Appointment of Certain Officers; Compensatory Arrangements of Certain

Officers.

On June 8, 2020, the Board of Directors (the "Board") of J.Jill, Inc. (the "Company") increased the number of directors comprising the Board from seven to eight members and appointed Shelley Milano to serve as an additional independent member of the Company's Board, effective June 10, 2020. Ms. Milano will serve as a Class II director with a term expiring at the 2023 annual meeting and until her successor has been duly elected and qualified. There are no family relationships between Ms. Milano and any director, executive officer of the Company, and there are no arrangements or understandings between Ms. Milano and any other persons pursuant to which she was appointed as a director of the Company. Ms. Milano was appointed to the Compensation Committee and the Nominating, Governance and Corporate Responsibility Committee. For her service as a non-employee director, Ms. Milano will receive an annual cash retainer of $150,000 and $5,000 for her service as a member of each Committee. Ms. Milano is Executive Vice President, Chief Human Resources Officer for L Brands, owner of the Victoria's Secret, PINK and Bath & Body Works brands. Before assuming this position, she served as the company's Senior Vice President and General Counsel. Prior to joining L Brands in 2015, Ms. Milano served in executive leadership positions with Eddie Bauer, Inc., Starbucks Corporation and Honda of America Manufacturing, Inc. Ms. Milano is a member of the Boards of Directors of Urban Hardwoods and Bartell Drugs. The Board believes that Ms. Milano's expertise in the areas of Human Resources, her legal knowledge and her prior experience in the retail industry qualify her to serve as a director. In connection with Ms. Milano's election to the Board, the Company has entered into an indemnification agreement with Ms. Milano in substantially the same form as the indemnification agreement entered into with other directors of the Company that was previously filed with the Securities and Exchange Commission as Exhibit 10.1 to the Registration Statement on Form S-1 (File No. 333-215993).
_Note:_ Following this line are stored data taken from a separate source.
(* For every positive integer $n$, $$S(n+4) \geq 111\,S(n) + 43.$$
   Context: A set $A \subseteq \mathbb{N}$ is sum-free if for all $(a,b)\in A^2$ (allowing $a=b$), $a+b \notin A$. For $n\ge 1$, the Schur number $S(n)$ is the largest integer $p$ such that $\{1,\dots,p\}$ can be partitioned into $n$ sum-free subsets. *)

theory Defs
  imports Main
begin

definition sum_free :: "nat set \<Rightarrow> bool" where
  "sum_free A \<longleftrightarrow> (\<forall>a\<in>A. \<forall>b\<in>A. a + b \<notin> A)"

text \<open>Parts may be empty (the empty set is sum-free, so this does not change S(n)).\<close>
definition schur_partitionable :: "nat \<Rightarrow> nat \<Rightarrow> bool" where
  "schur_partitionable n p \<longleftrightarrow>
     (\<exists>P :: nat \<Rightarrow> nat set.
        (\<Union>i<n. P i) = {1..p} \<and>
        (\<forall>i<n. \<forall>j<n. i \<noteq> j \<longrightarrow> P i \<inter> P j = {}) \<and>
        (\<forall>i<n. sum_free (P i)))"

definition schur_number :: "nat \<Rightarrow> nat" where
  "schur_number n = (GREATEST p. schur_partitionable n p)"

end

(*
  Write x + 67 = 111 q + e with e < 111 and split the residues into an
  inherited class E, contained in [0, 67], and four further classes.  A number whose residue lies
  in E goes to the part of q in a given sum-free partition of {1..p} into n parts; any other number
  goes to one of four new parts according to the class of its residue.  A sum x + x' = x'' reads
  e + e' + 44 = e'' (mod 111), so the new parts are sum-free when the four classes are sum-free for
  this shifted addition.  For residues in E the window forces either q'' = q + q', which the old
  partition excludes, or a carry e'' = e + e' + 44, which the template excludes.  Exactly the
  numbers 1, ..., 111 p + 43 are covered.

  That S(n) is attained, i.e. that partitionable lengths are bounded, is Schur's theorem, which
  follows from Ramsey's theorem.
*)

theory Submission
  imports Defs "HOL-Library.Ramsey"
begin

lemma sum_free_subset: "sum_free B \<Longrightarrow> A \<subseteq> B \<Longrightarrow> sum_free A"
  unfolding sum_free_def by blast

lemma schur_partitionable_0: "schur_partitionable n 0"
  unfolding schur_partitionable_def sum_free_def by (rule exI[of _ "\<lambda>_. {}"]) auto

lemma schur_partitionable_if_covered:
  assumes cover: "{1..p} \<subseteq> (\<Union>i<n. A i)" and free: "\<And>i. i < n \<Longrightarrow> sum_free (A i)"
  shows "schur_partitionable n p"
proof -
  define P where "P i = A i \<inter> {1..p} - (\<Union>j<i. A j)" for i
  have "(\<Union>i<n. P i) = {1..p}"
  proof
    show "{1..p} \<subseteq> (\<Union>i<n. P i)"
    proof
      fix x assume x: "x \<in> {1..p}"
      have "\<exists>i. i < n \<and> x \<in> A i" using cover x by blast
      then obtain i where "i < n" "x \<in> A i" and "\<And>j. j < i \<Longrightarrow> x \<notin> A j"
        unfolding exists_least_iff[of "\<lambda>i. i < n \<and> x \<in> A i"] by (meson less_trans)
      then show "x \<in> (\<Union>i<n. P i)" using x unfolding P_def by blast
    qed
  qed (auto simp: P_def)
  moreover have "P i \<inter> P j = {}" if "i \<noteq> j" for i j
    using that unfolding P_def by (cases i j rule: linorder_cases) auto
  moreover have "sum_free (P i)" if "i < n" for i
    using free[OF that] by (rule sum_free_subset) (auto simp: P_def)
  ultimately show ?thesis unfolding schur_partitionable_def by blast
qed

text \<open>Schur's theorem: colour the pair \<open>{x, y}\<close> by the part containing \<open>|y - x|\<close>;
  a monochromatic triangle \<open>x < y < z\<close> gives \<open>(y - x) + (z - y) = z - x\<close> inside one part.\<close>
lemma schur_partitionable_bounded: "\<exists>N. \<forall>p. schur_partitionable n p \<longrightarrow> p < N"
proof -
  obtain N :: nat where ramsey: "partn_lst {..<N} (replicate n 3) 2"
    using ramsey_full by blast
  have "p < N" if "schur_partitionable n p" for p
  proof (rule ccontr)
    assume "\<not> p < N"
    from that obtain P where cover: "(\<Union>i<n. P i) = {1..p}" and free: "\<forall>i<n. sum_free (P i)"
      unfolding schur_partitionable_def by blast
    define colour where "colour d = (SOME i. i < n \<and> d \<in> P i)" for d
    have colour: "colour d < n \<and> d \<in> P (colour d)" if "d \<in> {1..p}" for d
      using someI_ex[of "\<lambda>i. i < n \<and> d \<in> P i"] cover that unfolding colour_def by blast
    define f where "f e = colour (Max e - Min e)" for e :: "nat set"
    have "f \<in> [{..<N}]\<^bsup>2\<^esup> \<rightarrow> {..<n}"
    proof
      fix e assume "e \<in> [{..<N}]\<^bsup>2\<^esup>"
      then obtain x y where "e = {x, y}" "x < y" "y < N"
        by (auto simp: ordered_nsets_2_eq)
      moreover have "y - x \<in> {1..p}" using \<open>x < y\<close> \<open>y < N\<close> \<open>\<not> p < N\<close> by auto
      ultimately show "f e \<in> {..<n}" using colour by (simp add: f_def)
    qed
    then obtain i H where "i < n" "H \<in> [{..<N}]\<^bsup>3\<^esup>" and mono: "f ` [H]\<^bsup>2\<^esup> \<subseteq> {i}"
      using partn_lstE[OF ramsey] by (metis length_replicate nth_replicate)
    then obtain x y z where H: "H = {x, y, z}" "x < y" "y < z" "z < N"
      by (auto simp: ordered_nsets_3_eq)
    then have "{x, y} \<in> [H]\<^bsup>2\<^esup>" "{y, z} \<in> [H]\<^bsup>2\<^esup>" "{x, z} \<in> [H]\<^bsup>2\<^esup>"
      by auto
    then have "f {x, y} = i" "f {y, z} = i" "f {x, z} = i"
      using mono by blast+
    then have "colour (y - x) = i" "colour (z - y) = i" "colour (z - x) = i"
      using H by (simp_all add: f_def)
    moreover have "y - x \<in> {1..p}" "z - y \<in> {1..p}" "z - x \<in> {1..p}"
      using H \<open>\<not> p < N\<close> by auto
    ultimately have "y - x \<in> P i" "z - y \<in> P i" "z - x \<in> P i"
      using colour by metis+
    moreover have "(y - x) + (z - y) = z - x" using H by simp
    ultimately show False using free \<open>i < n\<close> unfolding sum_free_def by metis
  qed
  then show ?thesis by blast
qed

lemma schur_partitionable_schur_number: "schur_partitionable n (schur_number n)"
  using schur_partitionable_bounded[of n] schur_partitionable_0
  unfolding schur_number_def by (metis GreatestI_ex_nat less_imp_le)

lemma le_schur_number: "schur_partitionable n p \<Longrightarrow> p \<le> schur_number n"
  using schur_partitionable_bounded[of n]
  unfolding schur_number_def by (metis Greatest_le_nat less_imp_le)

lemma quotients_add_if_no_carry:
  fixes m L :: nat
  assumes "L < m" "ea \<le> L" "eb \<le> L" "ec \<le> L" "ec \<noteq> ea + eb + (m - L)"
    and "(m * qa + ea) + (m * qb + eb) = (m * qc + ec) + L"
  shows "qc = qa + qb"
proof -
  define d where "d = int qc - int qa - int qb"
  have md: "int m * d = int ea + int eb - int ec - int L"
    using arg_cong[OF assms(6), of int] unfolding d_def by (simp add: algebra_simps)
  have "int m * d < int m * 1" "int m * (-2) < int m * d"
    using md assms(1-4) by linarith+
  then have "d < 1" "-2 < d"
    by (meson mult_left_less_imp_less of_nat_0_le_iff)+
  moreover have "d \<noteq> -1"
    using md assms(1,5) by auto
  ultimately show ?thesis unfolding d_def by linarith
qed

lemma mod_add_shifted:
  fixes m L :: nat
  assumes "L \<le> m"
  shows "(a + b + L) mod m = ((a + L) mod m + (b + L) mod m + (m - L)) mod m"
proof -
  have "((a + L) mod m + (b + L) mod m + (m - L)) mod m = ((a + L) + (b + L) + (m - L)) mod m"
    by (metis mod_add_eq mod_add_left_eq)
  also have "\<dots> = (a + b + L + m) mod m" using assms by (simp add: algebra_simps)
  finally show ?thesis unfolding mod_add_self2 by (rule sym)
qed

lemma sum_free_shifted_residues:
  fixes m L :: nat
  assumes "L \<le> m" and free: "\<forall>a\<in>C. \<forall>b\<in>C. (a + b + (m - L)) mod m \<notin> C"
  shows "sum_free {x. (x + L) mod m \<in> C}" (is "sum_free ?S")
  unfolding sum_free_def
proof (intro ballI notI)
  fix a b assume "a \<in> ?S" "b \<in> ?S" "a + b \<in> ?S"
  then show False using free mod_add_shifted[OF \<open>L \<le> m\<close>, of a b] by simp
qed

lemma sum_free_inherited_residues:
  fixes m L :: nat
  assumes "L < m" and window: "\<forall>e\<in>E. e \<le> L" and no_carry: "\<forall>a\<in>E. \<forall>b\<in>E. a + b + (m - L) \<notin> E"
    and "sum_free P"
  shows "sum_free {x. (x + L) mod m \<in> E \<and> (x + L) div m \<in> P}" (is "sum_free ?S")
  unfolding sum_free_def
proof (intro ballI notI)
  fix a b assume "a \<in> ?S" "b \<in> ?S" "a + b \<in> ?S"
  then have E: "(a + L) mod m \<in> E" "(b + L) mod m \<in> E" "(a + b + L) mod m \<in> E"
    and P: "(a + L) div m \<in> P" "(b + L) div m \<in> P" "(a + b + L) div m \<in> P"
    by simp_all
  have carry: "(a + b + L) mod m \<noteq> (a + L) mod m + (b + L) mod m + (m - L)"
    using no_carry E by metis
  have sum: "(m * ((a + L) div m) + (a + L) mod m) + (m * ((b + L) div m) + (b + L) mod m)
      = (m * ((a + b + L) div m) + (a + b + L) mod m) + L"
    by simp
  have "(a + b + L) div m = (a + L) div m + (b + L) div m"
    by (rule quotients_add_if_no_carry[OF \<open>L < m\<close> _ _ _ carry sum]) (use window E in auto)
  then show False using \<open>sum_free P\<close> P unfolding sum_free_def by metis
qed

lemma inherited_quotient_range:
  fixes m L :: nat
  assumes "L < m" "(x + L) mod m \<le> L" "x \<in> {1..m * p + (m - L - 1)}"
  shows "(x + L) div m \<in> {1..p}"
proof -
  have "(x + L) div m \<noteq> 0" using assms by (auto simp: div_eq_0_iff)
  have "m * ((x + L) div m) \<le> x + L" by (simp add: times_div_less_eq_dividend)
  also have "x + L < m * (p + 1)" using assms(1,3) by simp linarith
  finally have "(x + L) div m < p + 1" by (rule mult_left_less_imp_less) simp
  with \<open>(x + L) div m \<noteq> 0\<close> show ?thesis by simp
qed

text \<open>Residues \<open>e\<close> are those of \<open>x + L\<close>, so that \<open>x + x' = x''\<close> reads
  \<open>e + e' + (m - L) \<equiv> e'' (mod m)\<close>; \<open>E\<close> is the inherited class and \<open>N 0, ..., N (k - 1)\<close>
  are the new ones.\<close>
definition schur_template :: "nat \<Rightarrow> nat \<Rightarrow> nat set \<Rightarrow> (nat \<Rightarrow> nat set) \<Rightarrow> nat \<Rightarrow> bool" where
  "schur_template m L E N k \<longleftrightarrow>
     L < m \<and>
     (\<forall>e<m. e \<in> E \<or> (\<exists>j<k. e \<in> N j)) \<and>
     (\<forall>e\<in>E. e \<le> L) \<and>
     (\<forall>a\<in>E. \<forall>b\<in>E. a + b + (m - L) \<notin> E) \<and>
     (\<forall>j<k. \<forall>a\<in>N j. \<forall>b\<in>N j. (a + b + (m - L)) mod m \<notin> N j)"

lemma schur_partitionable_template_extend:
  assumes T: "schur_template m L E N k" and "schur_partitionable n p"
  shows "schur_partitionable (n + k) (m * p + (m - L - 1))"
proof -
  from assms(2) obtain P where P_cover: "(\<Union>i<n. P i) = {1..p}" and P_free: "\<forall>i<n. sum_free (P i)"
    unfolding schur_partitionable_def by blast
  from T have "L < m" and cover: "\<forall>e<m. e \<in> E \<or> (\<exists>j<k. e \<in> N j)"
    and window: "\<forall>e\<in>E. e \<le> L" and no_carry: "\<forall>a\<in>E. \<forall>b\<in>E. a + b + (m - L) \<notin> E"
    and N_free: "\<forall>j<k. \<forall>a\<in>N j. \<forall>b\<in>N j. (a + b + (m - L)) mod m \<notin> N j"
    unfolding schur_template_def by blast+
  define A where "A i = (if i < n then {x. (x + L) mod m \<in> E \<and> (x + L) div m \<in> P i}
    else {x. (x + L) mod m \<in> N (i - n)})" for i
  show ?thesis
  proof (rule schur_partitionable_if_covered)
    show "{1..m * p + (m - L - 1)} \<subseteq> (\<Union>i<n + k. A i)"
    proof
      fix x assume x: "x \<in> {1..m * p + (m - L - 1)}"
      have "(x + L) mod m < m" using \<open>L < m\<close> by simp
      then consider "(x + L) mod m \<in> E" | j where "j < k" "(x + L) mod m \<in> N j"
        using cover by blast
      then show "x \<in> (\<Union>i<n + k. A i)"
      proof cases
        case 1
        then have "(x + L) div m \<in> (\<Union>i<n. P i)"
          using inherited_quotient_range[OF \<open>L < m\<close> _ x] window P_cover by simp
        then obtain i where "i < n" "(x + L) div m \<in> P i" by blast
        then have "x \<in> A i" using 1 unfolding A_def by simp
        then show ?thesis using \<open>i < n\<close> by (intro UN_I[of i]) auto
      next
        case 2
        then have "x \<in> A (n + j)" unfolding A_def by simp
        then show ?thesis using \<open>j < k\<close> by (intro UN_I[of "n + j"]) auto
      qed
    qed
  next
    fix i assume "i < n + k"
    show "sum_free (A i)"
    proof (cases "i < n")
      case True
      then show ?thesis
        unfolding A_def using sum_free_inherited_residues[OF \<open>L < m\<close> window no_carry] P_free by simp
    next
      case False
      then show ?thesis
        unfolding A_def using sum_free_shifted_residues[of L m] \<open>L < m\<close> N_free \<open>i < n + k\<close> by simp
    qed
  qed
qed

definition template111_inherited :: "nat list" where
  "template111_inherited = [0, 6, 9, 12, 13, 15, 16, 18, 19, 20, 21, 22, 24, 25, 26, 27, 28, 29,
     30, 31, 32, 33, 34, 35, 36, 37, 38, 39, 40, 41, 42, 43, 45, 46, 47, 48, 49, 51, 52, 54, 55,
     58, 61, 67]"

definition template111_classes :: "nat list list" where
  "template111_classes =
     [[3, 4, 11, 56, 63, 64, 70, 71, 76, 78, 84, 86, 92, 94, 100, 102, 107, 108],
      [5, 14, 17, 23, 44, 53, 62, 80, 83, 87, 89, 91, 95, 98],
      [2, 7, 60, 65, 69, 73, 74, 77, 82, 85, 93, 96, 101, 104, 105, 109],
      [1, 8, 10, 50, 57, 59, 66, 68, 72, 75, 79, 81, 88, 90, 97, 99, 103, 106, 110]]"

lemma schur_template_111:
  "schur_template 111 67 (set template111_inherited) (\<lambda>j. set (template111_classes ! j)) 4"
  unfolding schur_template_def
proof (intro conjI)
  show "\<forall>e<111. e \<in> set template111_inherited \<or> (\<exists>j<4. e \<in> set (template111_classes ! j))"
    unfolding forall_less_iff exists_less_iff
    by (simp add: lessThan_nat_numeral template111_inherited_def template111_classes_def)
  show "\<forall>e\<in>set template111_inherited. e \<le> 67"
    "\<forall>a\<in>set template111_inherited. \<forall>b\<in>set template111_inherited.
       a + b + (111 - 67) \<notin> set template111_inherited"
    by (simp_all add: template111_inherited_def)
  show "\<forall>j<4. \<forall>a\<in>set (template111_classes ! j). \<forall>b\<in>set (template111_classes ! j).
      (a + b + (111 - 67)) mod 111 \<notin> set (template111_classes ! j)"
    by code_simp
qed simp

theorem mainTheorem4:
  fixes n :: nat
  assumes "n \<ge> 1"
  shows "schur_number (n + 4) \<ge> 111 * schur_number n + 43"
proof -
  have "schur_partitionable (n + 4) (111 * schur_number n + (111 - 67 - 1))"
    using schur_template_111 schur_partitionable_schur_number
    by (rule schur_partitionable_template_extend)
  then show ?thesis by (simp add: le_schur_number)
qed

end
The indemnification agreement provides, in general, that the Company will indemnify Ms. Milano to the fullest extent permitted by law in connection with his service to the Company or on the Company's behalf. Item 8.01 Other Events.

On June 10, 2020, the Company issued a press release announcing the appointment of Ms. Milano to the Board, effective immediately, a copy of which is furnished herewith as Exhibit 99.1. Such press release shall not be deemed "filed" for purposes of Section 18 of the Securities Exchange Act of 1934, as amended, or otherwise subject to the liabilities of that section. Item 9.01 Financial Statements and Exhibits.




(d)      Exhibits
Exhibit No.   Description
99.1            Press Release, dated June 10, 2020.